Une personne, deux patrimoines
Distinguer le pro du perso
Ce nouveau statut opère la séparation du patrimoine (un ensemble de biens et de dettes) de l’entrepreneur individuel. Ce dernier est alors à la tête à la fois d’un patrimoine personnel et d’un patrimoine professionnel liée à ses activités professionnelles. L’objectif du législateur étant de protéger le premier des créanciers liés à l'activité professionnelle en cas d'apparition de difficultés financières et d'une procédure collective. Pour savoir si le bien fait partie du patrimoine professionnel, il convient de vérifier s’il est utile à l’activité professionnelle. Ce nouveau statut s’applique à tout exploitant individuel qui n’exerce pas son activité dans une société et qui n’aurait pas opté pour le régime de l’entrepreneur individuel à responsabilité limitée (EIRL). Aucune formalité n’est à réaliser. S’il n’est désormais plus possible de créer d’EIRL avec cette réforme, celles déjà créées avant le 15 mai, date d’entrée en vigueur de la réforme, subsistent.
La loi ne prévoit pas de rétroactivité. Les exploitants installés avant le 15 mai 2022 ne seraient soumis à ce nouveau régime que pour les créances de leur activité professionnelle nées à compter du 15 mai 2022.

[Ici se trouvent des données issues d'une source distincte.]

lemma GS_degree_coeff: "degree (GS n) \<le> n \<and> coeff (GS n) n = 1"
proof (induction n rule: less_induct)
  case (less n)
  define c where "c k = poly_ip M (monom 1 n) (GS k) / poly_ip M (GS k) (GS k)" for k
  have GSn: "GS n = monom 1 n - (\<Sum>k<n. smult (c k) (GS k))"
    unfolding c_def by (rule GS.simps)
  have lowGS: "degree (GS k) < n" if "k < n" for k
    using less.IH[OF that] that by linarith
  then have low: "degree (smult (c k) (GS k)) < n" if "k < n" for k
    using that degree_smult_le[of "c k" "GS k"] by fastforce
  have "degree (GS n) \<le> n" unfolding GSn
    by (intro degree_diff_le degree_sum_le)
      (auto simp: degree_monom_le less_imp_le[OF low] less_imp_le[OF lowGS])
  moreover have "coeff (GS n) n = 1"
    using lowGS by (simp add: GSn coeff_sum coeff_eq_0)
  ultimately show ?case ..
qed

lemma GS_degree [simp]: "degree (GS n) = n"
  using GS_degree_coeff[of n] le_degree[of "GS n" n] by simp

lemma GS_lead_coeff: "lead_coeff (GS n) = 1"
  using GS_degree_coeff[of n] by simp

lemma GS_nonzero: "GS n \<noteq> 0"
  using GS_lead_coeff[of n] by auto

lemma GS_orthogonal_lower: "k < n \<Longrightarrow> poly_ip M (GS n) (GS k) = 0"
proof (induction n arbitrary: k rule: less_induct)
  case (less n)
  define c where "c k = poly_ip M (monom 1 n) (GS k) / poly_ip M (GS k) (GS k)" for k
  have orth: "poly_ip M (GS j) (GS k) = 0" if "j < n" "k < n" "j \<noteq> k" for j k
    using less.IH that ip_cnj[of "GS j" "GS k"] by (cases "k < j") auto
  have "poly_ip M (GS n) (GS k)
      = poly_ip M (monom 1 n) (GS k) - (\<Sum>j<n. c j * poly_ip M (GS j) (GS k))"
    by (subst GS.simps) (simp add: c_def ip_diff ip_sum ip_smult)
  also have "(\<Sum>j<n. c j * poly_ip M (GS j) (GS k)) = c k * poly_ip M (GS k) (GS k)"
    using less.prems orth by (intro sum.remove[THEN trans]) (auto intro!: sum.neutral)
  also have "c k * poly_ip M (GS k) (GS k) = poly_ip M (monom 1 n) (GS k)"
    unfolding c_def using ip_self_nonzero[OF GS_nonzero] by simp
  finally show ?case by simp
qed

lemma GS_orthogonal: "j \<noteq> k \<Longrightarrow> poly_ip M (GS j) (GS k) = 0"
  using GS_orthogonal_lower ip_cnj[of "GS j" "GS k"] by (cases "k < j") auto

text \<open>Orthogonality to \<open>GS 0, \<dots>, GS (m - 1)\<close> means orthogonality to all polynomials of degree
  below \<open>m\<close>, since these form a triangular basis.\<close>
lemma orthogonal_to_lower_degree:
  assumes "\<forall>k<m. poly_ip M p (GS k) = 0" "degree q < m"
  shows "poly_ip M p q = 0"
  using assms
proof (induction m arbitrary: q)
  case (Suc m)
  define q' where "q' = q - smult (coeff q m) (GS m)"
  have "degree q' \<le> m" unfolding q'_def using Suc.prems(2)
    by (intro degree_diff_le) (auto intro: order_trans[OF degree_smult_le])
  moreover have "coeff q' m = 0" unfolding q'_def using GS_degree_coeff[of m] by simp
  ultimately have "q' = 0 \<or> degree q' < m"
    using leading_coeff_neq_0[of q'] le_neq_implies_less by fastforce
  then have "poly_ip M p q' = 0" using Suc by auto
  moreover have "q = q' + smult (coeff q m) (GS m)" unfolding q'_def by simp
  then have "poly_ip M p q = poly_ip M p q' + cnj (coeff q m) * poly_ip M p (GS m)"
    by (metis ip_add_right ip_smult_right)
  ultimately show ?case using Suc.prems(1) by simp
qed simp

lemma monic_OP_eq_GS: "monic_OP M n = GS n"
  unfolding monic_OP_def
proof (rule the_equality)
  show "degree (GS n) = n \<and> lead_coeff (GS n) = 1 \<and> (\<forall>q. degree q < n \<longrightarrow> poly_ip M (GS n) q = 0)"
    using GS_lead_coeff GS_orthogonal_lower
    by (auto intro: orthogonal_to_lower_degree[of n])
next
  fix p assume p: "degree p = n \<and> lead_coeff p = 1 \<and> (\<forall>q. degree q < n \<longrightarrow> poly_ip M p q = 0)"
  define r where "r = p - GS n"
  have "degree r \<le> n" "coeff r n = 0" unfolding r_def using p GS_lead_coeff[of n]
    by (auto intro: degree_diff_le)
  then have "r = 0 \<or> degree r < n"
    using leading_coeff_neq_0[of r] le_neq_implies_less by fastforce
  moreover have "degree r < n \<Longrightarrow> poly_ip M r r = 0"
    using p GS_orthogonal_lower by (auto simp: r_def ip_diff intro: orthogonal_to_lower_degree[of n])
  ultimately have "r = 0" using ip_self_nonzero by blast
  then show "p = GS n" unfolding r_def by simp
qed

definition ON :: "nat \<Rightarrow> complex poly" where
  "ON n = smult (1 / complex_of_real (sqrt (sqnorm (GS n)))) (GS n)"

lemma GS_norm_pos: "sqrt (sqnorm (GS n)) > 0"
  using sqnorm_nonneg[of "GS n"] sqnorm_eq_0[of "GS n"] GS_nonzero[of n] by simp

lemma orthonormal_OP_eq: "orthonormal_OP M n z = poly (ON n) z"
  unfolding orthonormal_OP_def monic_OP_eq_GS ON_def poly_L2norm_sqnorm by simp

lemma GS_eq_ON: "GS n = smult (complex_of_real (sqrt (sqnorm (GS n)))) (ON n)"
  unfolding ON_def using GS_norm_pos[of n] by simp

lemma ON_degree [simp]: "degree (ON n) = n"
  unfolding ON_def using GS_norm_pos[of n] by simp
text \<open>An element of the wall within distance \<open>r\<close> of the translate \<open>z^j f_i\<close> is moved by \<open>z^{-j}\<close>
  into the set \<open>f_i B_r\<close>, where \<open>B_r\<close> is the ball of radius \<open>r\<close> of the word metric.\<close>

lemma wall_near_translates:
  "{g \<in> wall b x \<delta>. \<exists>u\<in>translate ` ({-int L..int L} \<times> {..<N}). graph_dist_le (carrier G) CE u g r}
    \<subseteq> near_wall L r"
proof
  fix g assume "g \<in> {g \<in> wall b x \<delta>. \<exists>u\<in>translate ` ({-int L..int L} \<times> {..<N}). graph_dist_le (carrier G) CE u g r}"
  then obtain j i where g: "g \<in> wall b x \<delta>" "(j, i) \<in> {-int L..int L} \<times> {..<N}"
    "graph_dist_le (carrier G) CE (translate (j, i)) g r"
    by auto
  then have ji: "\<bar>- j\<bar> \<le> int L" "i < N" by auto
  have fi: "f i \<in> carrier G" and gc: "g \<in> carrier G" using points ji(2) g(1) by (auto simp: wall_def)
  then have "inv (translate (j, i)) \<otimes> g \<in> word_ball G S r"
    using cayley_dist_le_iff translate_closed ji(2) g(3) by simp
  moreover have "z [^] (- j) \<otimes> g = f i \<otimes> (inv (translate (j, i)) \<otimes> g)"
    using z(1) fi gc by (simp add: translate_def inv_mult_group int_pow_neg m_assoc[symmetric])
  ultimately show "g \<in> near_wall L r" unfolding near_wall_def using g(1) ji by blast
qed

lemma card_translates: "card (translate ` ({-int L..int L} \<times> {..<N})) = (2 * L + 1) * N"
proof -
  have "{-int L..int L} \<times> {..<N} \<subseteq> UNIV \<times> {..<2 * N}" by auto
  then have "card (translate ` ({-int L..int L} \<times> {..<N})) = card ({-int L..int L} \<times> {..<N})"
    using card_image inj_on_subset[OF translate_inj] by blast
  also have "\<dots> = (2 * L + 1) * N" by (simp add: card_cartesian_product nat_add_distrib nat_mult_distrib)
  finally show ?thesis .
qed

lemma translate_shift_dist:
  assumes k: "\<And>i. i < N \<Longrightarrow> graph_dist_le (carrier G) CE (f i) (f (N + i)) k" and i: "i < N"
  shows "graph_dist_le (carrier G) CE (translate (j, i)) (translate (j, N + i)) k"
  using cayley_dist_le_left_mult[OF int_pow_closed[OF z(1)] _ _ k[OF i]] points i
  by (simp add: translate_def)

lemma translates_bij:
  fixes L :: nat
  defines "D \<equiv> {-int L..int L} \<times> {..<N}" and "D' \<equiv> {-int L..int L} \<times> {N..<2 * N}"
  shows "bij_betw (translate \<circ> (\<lambda>(j, i). (j, N + i)) \<circ> inv_into D translate) (translate ` D) (translate ` D')"
    and "translate ` D \<inter> translate ` D' = {}"
proof -
  have DD: "D \<subseteq> UNIV \<times> {..<2 * N}" "D' \<subseteq> UNIV \<times> {..<2 * N}" "D \<inter> D' = {}"
    unfolding D_def D'_def by auto
  have inv: "bij_betw (inv_into D translate) (translate ` D) D"
    using inj_on_subset[OF translate_inj DD(1)] by (simp add: bij_betw_inv_into inj_on_imp_bij_betw)
  have shift: "bij_betw (\<lambda>(j, i). (j, N + i)) D D'"
  proof (rule bij_betw_imageI)
    show "inj_on (\<lambda>(j, i). (j, N + i)) D" by (auto simp: inj_on_def)
    have "(j, i) \<in> (\<lambda>(j, i). (j, N + i)) ` D" if "(j, i) \<in> D'" for j i
      using that unfolding D_def D'_def by (auto intro!: image_eqI[of _ _ "(j, i - N)"])
    then show "(\<lambda>(j, i). (j, N + i)) ` D = D'" unfolding D_def D'_def by auto
  qed
  have "bij_betw translate D' (translate ` D')"
    using inj_on_subset[OF translate_inj DD(2)] by (simp add: inj_on_imp_bij_betw)
  then show "bij_betw (translate \<circ> (\<lambda>(j, i). (j, N + i)) \<circ> inv_into D translate) (translate ` D) (translate ` D')"
    by (rule bij_betw_trans[OF inv bij_betw_trans[OF shift]])
  show "translate ` D \<inter> translate ` D' = {}"
    using inj_on_image_Int[OF translate_inj DD(1,2)] DD(3) by simp
qed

L’épineuse question des biens mixtes
Si la réforme est jugée incomplète par plusieurs observateurs du droit, elle l’est particulièrement concernant les biens mixtes, ces biens qui sont à la fois utilisés à des fins personnelles et professionnelles (comme une voiture qui servirait pour la ferme et les trajets de la famille). Presque rien n’est dit dans la loi mis à part pour le cas où une partie de la résidence principale servirait à l’activité professionnelle, typiquement la pièce qui serait utilisée en tant que bureau pour la ferme par exemple. Seule cette pièce serait alors saisissable par les créanciers professionnels. « Cela pose des questions que la loi ne résout pas. Quand l’entrepreneur voudra vendre sa maison, devra-t-il solliciter l’autorisation de tous ses créanciers professionnels ? Diverses questions de cet ordre se poseront ainsi lors d'opérations patrimoniales à venir », prévient Guillaume Favoreu, expert chez Optimes.
La renonciation au statut
Dans l’intérêt du créancier
Si il est automatique, le mur séparant les deux patrimoines de l’exploitant n’est pas pour autant infranchissable pour un créancier professionnel. L’entrepreneur individuel pourra renoncer à la protection de son patrimoine personnel sur demande d’un créancier et seulement pour la dette qui le lie à ce dernier. L’intérêt pour l’exploitant est de pouvoir offrir les garanties demandées par le créancier en vue d'obtenir le financement de son activité.
Le sort des biens communs
L’agriculteur marié sous un régime de communauté qui renonce à la protection de son patrimoine personnel s’engage aussi sur tous ses biens communs. Une décision qui n’est pas sans incidence sur les affaires du couple et qui peut être prise sans l’autorisation de l’autre conjoint. Mais encore une fois ici la loi n’a pas tout prévu comme l’expliquait Hervé Lecuyer, professeur à l’Université de Panthéon-Assas lors d’une conférence organisée le 22 juin par l’Université de Montpellier. « En cas de procédure collective, un créancier professionnel ne pourra saisir que les actifs du patrimoine professionnel selon les règles du Code de commerce. Mais avec l’application des règles des régimes matrimoniaux, il va pouvoir saisir tous les biens communs. L’articulation entre les deux régimes juridiques qui n’a pas été pensée n’est pas possible », souligne l’universitaire avant de conclure : « Un conseil, si vous êtes entrepreneur, ne vous mariez pas ».